_About this task:_ All entries below are to be reproduced exactly.

(Study material Opens)

lemma fst_bounded_below_nu_J:
  assumes "in_RJ N f"
  obtains m where "\<And>x. x \<in> nu_J f \<Longrightarrow> m \<le> fst x"
proof -
  obtain a b c where "a > 0" "nu_J f \<subseteq> parabolic_region a b c"
    using nu_J_subset_parabolic_region[OF assms] .
  then show ?thesis
    using that[of "c - b\<^sup>2 / (4 * a)"] fst_ge_on_parabolic_region by blast
qed

lemma finite_supp_Int_halfplane:
  assumes "in_RJ N f" "N > 0" "fst w > 0"
  shows "finite (supp f \<inter> {x. inner w x \<le> K})"
proof -
  obtain a b c where "a > 0" and supp: "supp f \<subseteq> parabolic_region a b c"
    using supp_subset_parabolic_region[OF assms(1)] .
  have "supp f \<inter> {x. inner w x \<le> K} \<subseteq>
      {(of_int i / real N, of_int j / real N) | i j. True} \<inter> (parabolic_region a b c \<inter> {x. inner w x \<le> K})"
    using supp supp_subset_lattice[OF assms(1)] by blast
  moreover have "finite \<dots>"
    using assms(2) bounded_parabolic_region_Int_halfplane[OF \<open>a > 0\<close> assms(3)]
    by (rule finite_lattice_Int_bounded)
  ultimately show ?thesis
    by (rule finite_subset)
qed

text \<open>Near \<open>z\<close>, only summands from the compact truncation \<open>A \<inter> {x. fst x \<le> fst z + 1 - m}\<close>
  contribute.\<close>

lemma closed_minkowski_compact_truncations:
  assumes "\<And>K. compact (A \<inter> {x. fst x \<le> K})" "closed B" "\<And>y. y \<in> B \<Longrightarrow> m \<le> fst y"
  shows "closed (minkowski A B)"
proof -
  have "z \<in> minkowski A B" if "z \<in> closure (minkowski A B)" for z
  proof -
    define K where "K = fst z + 1"
    define A' where "A' = A \<inter> {x. fst x \<le> K - m}"
    have "{x. fst x < K} \<inter> minkowski A B \<subseteq> minkowski A' B"
      unfolding minkowski_def A'_def using assms(3) by fastforce
    moreover have "closed (minkowski A' B)"
      unfolding minkowski_eq_UN A'_def using assms(1,2) by (rule compact_closed_sums)
    ultimately have "closure ({x. fst x < K} \<inter> minkowski A B) \<subseteq> minkowski A' B"
      by (rule closure_minimal)
    moreover have "open {x. fst x < K}"
      by (intro open_Collect_less continuous_intros)
    then have "z \<in> closure ({x. fst x < K} \<inter> minkowski A B)"
      using open_Int_closure_subset \<open>z \<in> closure _\<close> by (fastforce simp: K_def)
    moreover have "minkowski A' B \<subseteq> minkowski A B"
      unfolding A'_def by (intro minkowski_mono) auto
    ultimately show ?thesis
      by blast
  qed
  then show ?thesis
    by (auto simp flip: closure_subset_eq)
qed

(Study material Closes)

_Result below:_
lemma fst_bounded_below_nu_J:
  assumes "in_RJ N f"
  obtains m where "\<And>x. x \<in> nu_J f \<Longrightarrow> m \<le> fst x"
proof -
  obtain a b c where "a > 0" "nu_J f \<subseteq> parabolic_region a b c"
    using nu_J_subset_parabolic_region[OF assms] .
  then show ?thesis
    using that[of "c - b\<^sup>2 / (4 * a)"] fst_ge_on_parabolic_region by blast
qed

lemma finite_supp_Int_halfplane:
  assumes "in_RJ N f" "N > 0" "fst w > 0"
  shows "finite (supp f \<inter> {x. inner w x \<le> K})"
proof -
  obtain a b c where "a > 0" and supp: "supp f \<subseteq> parabolic_region a b c"
    using supp_subset_parabolic_region[OF assms(1)] .
  have "supp f \<inter> {x. inner w x \<le> K} \<subseteq>
      {(of_int i / real N, of_int j / real N) | i j. True} \<inter> (parabolic_region a b c \<inter> {x. inner w x \<le> K})"
    using supp supp_subset_lattice[OF assms(1)] by blast
  moreover have "finite \<dots>"
    using assms(2) bounded_parabolic_region_Int_halfplane[OF \<open>a > 0\<close> assms(3)]
    by (rule finite_lattice_Int_bounded)
  ultimately show ?thesis
    by (rule finite_subset)
qed

text \<open>Near \<open>z\<close>, only summands from the compact truncation \<open>A \<inter> {x. fst x \<le> fst z + 1 - m}\<close>
  contribute.\<close>

lemma closed_minkowski_compact_truncations:
  assumes "\<And>K. compact (A \<inter> {x. fst x \<le> K})" "closed B" "\<And>y. y \<in> B \<Longrightarrow> m \<le> fst y"
  shows "closed (minkowski A B)"
proof -
  have "z \<in> minkowski A B" if "z \<in> closure (minkowski A B)" for z
  proof -
    define K where "K = fst z + 1"
    define A' where "A' = A \<inter> {x. fst x \<le> K - m}"
    have "{x. fst x < K} \<inter> minkowski A B \<subseteq> minkowski A' B"
      unfolding minkowski_def A'_def using assms(3) by fastforce
    moreover have "closed (minkowski A' B)"
      unfolding minkowski_eq_UN A'_def using assms(1,2) by (rule compact_closed_sums)
    ultimately have "closure ({x. fst x < K} \<inter> minkowski A B) \<subseteq> minkowski A' B"
      by (rule closure_minimal)
    moreover have "open {x. fst x < K}"
      by (intro open_Collect_less continuous_intros)
    then have "z \<in> closure ({x. fst x < K} \<inter> minkowski A B)"
      using open_Int_closure_subset \<open>z \<in> closure _\<close> by (fastforce simp: K_def)
    moreover have "minkowski A' B \<subseteq> minkowski A B"
      unfolding A'_def by (intro minkowski_mono) auto
    ultimately show ?thesis
      by blast
  qed
  then show ?thesis
    by (auto simp flip: closure_subset_eq)
qed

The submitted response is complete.